▸ **ACTIVITY**
Write out the entries once more, exactly as they appear.

________

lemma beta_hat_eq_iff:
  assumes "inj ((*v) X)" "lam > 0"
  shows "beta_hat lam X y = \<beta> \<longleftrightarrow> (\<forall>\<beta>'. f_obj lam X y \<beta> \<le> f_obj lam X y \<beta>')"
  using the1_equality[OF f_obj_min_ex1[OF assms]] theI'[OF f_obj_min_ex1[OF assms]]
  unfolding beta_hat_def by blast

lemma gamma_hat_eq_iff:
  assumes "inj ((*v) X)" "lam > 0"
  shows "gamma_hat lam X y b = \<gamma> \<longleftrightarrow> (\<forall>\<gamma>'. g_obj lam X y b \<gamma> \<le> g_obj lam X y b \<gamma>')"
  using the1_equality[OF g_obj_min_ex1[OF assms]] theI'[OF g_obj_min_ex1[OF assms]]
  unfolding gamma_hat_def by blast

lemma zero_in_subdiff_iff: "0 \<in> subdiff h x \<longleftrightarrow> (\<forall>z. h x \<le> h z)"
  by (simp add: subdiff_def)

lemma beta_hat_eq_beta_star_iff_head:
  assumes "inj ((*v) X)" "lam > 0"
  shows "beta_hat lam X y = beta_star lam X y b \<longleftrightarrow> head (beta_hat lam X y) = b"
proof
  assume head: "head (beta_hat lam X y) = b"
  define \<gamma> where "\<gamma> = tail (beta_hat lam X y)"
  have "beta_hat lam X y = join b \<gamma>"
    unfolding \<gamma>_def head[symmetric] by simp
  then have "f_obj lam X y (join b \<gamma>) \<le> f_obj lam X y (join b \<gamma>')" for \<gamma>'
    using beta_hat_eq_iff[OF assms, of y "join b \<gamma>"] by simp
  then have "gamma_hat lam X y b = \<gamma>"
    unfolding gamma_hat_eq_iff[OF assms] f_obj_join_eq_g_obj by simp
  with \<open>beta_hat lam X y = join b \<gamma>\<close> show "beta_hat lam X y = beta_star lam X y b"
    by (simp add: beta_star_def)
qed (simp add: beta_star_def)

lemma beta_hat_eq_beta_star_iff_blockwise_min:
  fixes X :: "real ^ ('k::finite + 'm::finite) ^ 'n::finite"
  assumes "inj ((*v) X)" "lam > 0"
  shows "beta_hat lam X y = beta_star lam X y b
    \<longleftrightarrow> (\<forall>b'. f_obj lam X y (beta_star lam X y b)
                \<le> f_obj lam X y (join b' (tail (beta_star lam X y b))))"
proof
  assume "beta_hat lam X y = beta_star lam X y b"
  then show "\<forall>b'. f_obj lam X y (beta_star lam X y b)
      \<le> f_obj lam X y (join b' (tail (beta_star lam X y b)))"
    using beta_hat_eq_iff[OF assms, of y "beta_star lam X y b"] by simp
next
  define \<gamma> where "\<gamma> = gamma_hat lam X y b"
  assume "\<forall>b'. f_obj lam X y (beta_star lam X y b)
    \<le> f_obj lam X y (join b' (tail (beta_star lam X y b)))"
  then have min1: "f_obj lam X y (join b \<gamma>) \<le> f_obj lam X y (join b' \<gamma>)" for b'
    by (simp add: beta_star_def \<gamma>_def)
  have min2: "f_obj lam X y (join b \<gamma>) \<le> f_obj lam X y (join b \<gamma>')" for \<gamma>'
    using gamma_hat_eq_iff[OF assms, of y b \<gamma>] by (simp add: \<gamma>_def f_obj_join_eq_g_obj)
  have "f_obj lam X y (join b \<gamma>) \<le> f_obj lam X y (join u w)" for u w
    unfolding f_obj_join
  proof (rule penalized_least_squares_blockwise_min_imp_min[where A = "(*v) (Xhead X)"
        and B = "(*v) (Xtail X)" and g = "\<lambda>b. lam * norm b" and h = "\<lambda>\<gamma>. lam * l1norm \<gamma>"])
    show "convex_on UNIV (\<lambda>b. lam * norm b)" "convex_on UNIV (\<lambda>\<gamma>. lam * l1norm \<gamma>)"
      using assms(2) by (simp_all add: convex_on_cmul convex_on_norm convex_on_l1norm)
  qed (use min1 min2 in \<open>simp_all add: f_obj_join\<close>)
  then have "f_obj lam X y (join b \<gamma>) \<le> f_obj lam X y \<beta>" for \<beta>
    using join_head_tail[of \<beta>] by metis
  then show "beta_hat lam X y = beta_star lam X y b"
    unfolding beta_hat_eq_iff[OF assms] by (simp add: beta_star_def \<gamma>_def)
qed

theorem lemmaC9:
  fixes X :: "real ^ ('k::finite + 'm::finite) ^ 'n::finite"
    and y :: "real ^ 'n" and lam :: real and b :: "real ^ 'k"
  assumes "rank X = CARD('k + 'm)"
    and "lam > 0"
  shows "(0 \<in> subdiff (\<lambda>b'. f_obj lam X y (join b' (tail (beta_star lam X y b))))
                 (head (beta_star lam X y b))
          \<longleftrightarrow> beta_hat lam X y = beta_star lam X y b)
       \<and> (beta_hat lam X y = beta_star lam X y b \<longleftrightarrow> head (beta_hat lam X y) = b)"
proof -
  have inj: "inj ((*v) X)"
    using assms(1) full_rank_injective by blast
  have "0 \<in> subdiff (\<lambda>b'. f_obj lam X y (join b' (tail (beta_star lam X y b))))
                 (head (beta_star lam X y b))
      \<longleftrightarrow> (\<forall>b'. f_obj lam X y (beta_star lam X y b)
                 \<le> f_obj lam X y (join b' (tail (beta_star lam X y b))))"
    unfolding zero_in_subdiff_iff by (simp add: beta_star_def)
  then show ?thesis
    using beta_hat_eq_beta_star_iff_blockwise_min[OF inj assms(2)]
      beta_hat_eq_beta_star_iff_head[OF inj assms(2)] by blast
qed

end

________

▸ **ANSWER BOX**
lemma beta_hat_eq_iff:
  assumes "inj ((*v) X)" "lam > 0"
  shows "beta_hat lam X y = \<beta> \<longleftrightarrow> (\<forall>\<beta>'. f_obj lam X y \<beta> \<le> f_obj lam X y \<beta>')"
  using the1_equality[OF f_obj_min_ex1[OF assms]] theI'[OF f_obj_min_ex1[OF assms]]
  unfolding beta_hat_def by blast

lemma gamma_hat_eq_iff:
  assumes "inj ((*v) X)" "lam > 0"
  shows "gamma_hat lam X y b = \<gamma> \<longleftrightarrow> (\<forall>\<gamma>'. g_obj lam X y b \<gamma> \<le> g_obj lam X y b \<gamma>')"
  using the1_equality[OF g_obj_min_ex1[OF assms]] theI'[OF g_obj_min_ex1[OF assms]]
  unfolding gamma_hat_def by blast

lemma zero_in_subdiff_iff: "0 \<in> subdiff h x \<longleftrightarrow> (\<forall>z. h x \<le> h z)"
  by (simp add: subdiff_def)

lemma beta_hat_eq_beta_star_iff_head:
  assumes "inj ((*v) X)" "lam > 0"
  shows "beta_hat lam X y = beta_star lam X y b \<longleftrightarrow> head (beta_hat lam X y) = b"
proof
  assume head: "head (beta_hat lam X y) = b"
  define \<gamma> where "\<gamma> = tail (beta_hat lam X y)"
  have "beta_hat lam X y = join b \<gamma>"
    unfolding \<gamma>_def head[symmetric] by simp
  then have "f_obj lam X y (join b \<gamma>) \<le> f_obj lam X y (join b \<gamma>')" for \<gamma>'
    using beta_hat_eq_iff[OF assms, of y "join b \<gamma>"] by simp
  then have "gamma_hat lam X y b = \<gamma>"
    unfolding gamma_hat_eq_iff[OF assms] f_obj_join_eq_g_obj by simp
  with \<open>beta_hat lam X y = join b \<gamma>\<close> show "beta_hat lam X y = beta_star lam X y b"
    by (simp add: beta_star_def)
qed (simp add: beta_star_def)

lemma beta_hat_eq_beta_star_iff_blockwise_min:
  fixes X :: "real ^ ('k::finite + 'm::finite) ^ 'n::finite"
  assumes "inj ((*v) X)" "lam > 0"
  shows "beta_hat lam X y = beta_star lam X y b
    \<longleftrightarrow> (\<forall>b'. f_obj lam X y (beta_star lam X y b)
                \<le> f_obj lam X y (join b' (tail (beta_star lam X y b))))"
proof
  assume "beta_hat lam X y = beta_star lam X y b"
  then show "\<forall>b'. f_obj lam X y (beta_star lam X y b)
      \<le> f_obj lam X y (join b' (tail (beta_star lam X y b)))"
    using beta_hat_eq_iff[OF assms, of y "beta_star lam X y b"] by simp
next
  define \<gamma> where "\<gamma> = gamma_hat lam X y b"
  assume "\<forall>b'. f_obj lam X y (beta_star lam X y b)
    \<le> f_obj lam X y (join b' (tail (beta_star lam X y b)))"
  then have min1: "f_obj lam X y (join b \<gamma>) \<le> f_obj lam X y (join b' \<gamma>)" for b'
    by (simp add: beta_star_def \<gamma>_def)
  have min2: "f_obj lam X y (join b \<gamma>) \<le> f_obj lam X y (join b \<gamma>')" for \<gamma>'
    using gamma_hat_eq_iff[OF assms, of y b \<gamma>] by (simp add: \<gamma>_def f_obj_join_eq_g_obj)
  have "f_obj lam X y (join b \<gamma>) \<le> f_obj lam X y (join u w)" for u w
    unfolding f_obj_join
  proof (rule penalized_least_squares_blockwise_min_imp_min[where A = "(*v) (Xhead X)"
        and B = "(*v) (Xtail X)" and g = "\<lambda>b. lam * norm b" and h = "\<lambda>\<gamma>. lam * l1norm \<gamma>"])
    show "convex_on UNIV (\<lambda>b. lam * norm b)" "convex_on UNIV (\<lambda>\<gamma>. lam * l1norm \<gamma>)"
      using assms(2) by (simp_all add: convex_on_cmul convex_on_norm convex_on_l1norm)
  qed (use min1 min2 in \<open>simp_all add: f_obj_join\<close>)
  then have "f_obj lam X y (join b \<gamma>) \<le> f_obj lam X y \<beta>" for \<beta>
    using join_head_tail[of \<beta>] by metis
  then show "beta_hat lam X y = beta_star lam X y b"
    unfolding beta_hat_eq_iff[OF assms] by (simp add: beta_star_def \<gamma>_def)
qed

theorem lemmaC9:
  fixes X :: "real ^ ('k::finite + 'm::finite) ^ 'n::finite"
    and y :: "real ^ 'n" and lam :: real and b :: "real ^ 'k"
  assumes "rank X = CARD('k + 'm)"
    and "lam > 0"
  shows "(0 \<in> subdiff (\<lambda>b'. f_obj lam X y (join b' (tail (beta_star lam X y b))))
                 (head (beta_star lam X y b))
          \<longleftrightarrow> beta_hat lam X y = beta_star lam X y b)
       \<and> (beta_hat lam X y = beta_star lam X y b \<longleftrightarrow> head (beta_hat lam X y) = b)"
proof -
  have inj: "inj ((*v) X)"
    using assms(1) full_rank_injective by blast
  have "0 \<in> subdiff (\<lambda>b'. f_obj lam X y (join b' (tail (beta_star lam X y b))))
                 (head (beta_star lam X y b))
      \<longleftrightarrow> (\<forall>b'. f_obj lam X y (beta_star lam X y b)
                 \<le> f_obj lam X y (join b' (tail (beta_star lam X y b))))"
    unfolding zero_in_subdiff_iff by (simp add: beta_star_def)
  then show ?thesis
    using beta_hat_eq_beta_star_iff_blockwise_min[OF inj assms(2)]
      beta_hat_eq_beta_star_iff_head[OF inj assms(2)] by blast
qed

end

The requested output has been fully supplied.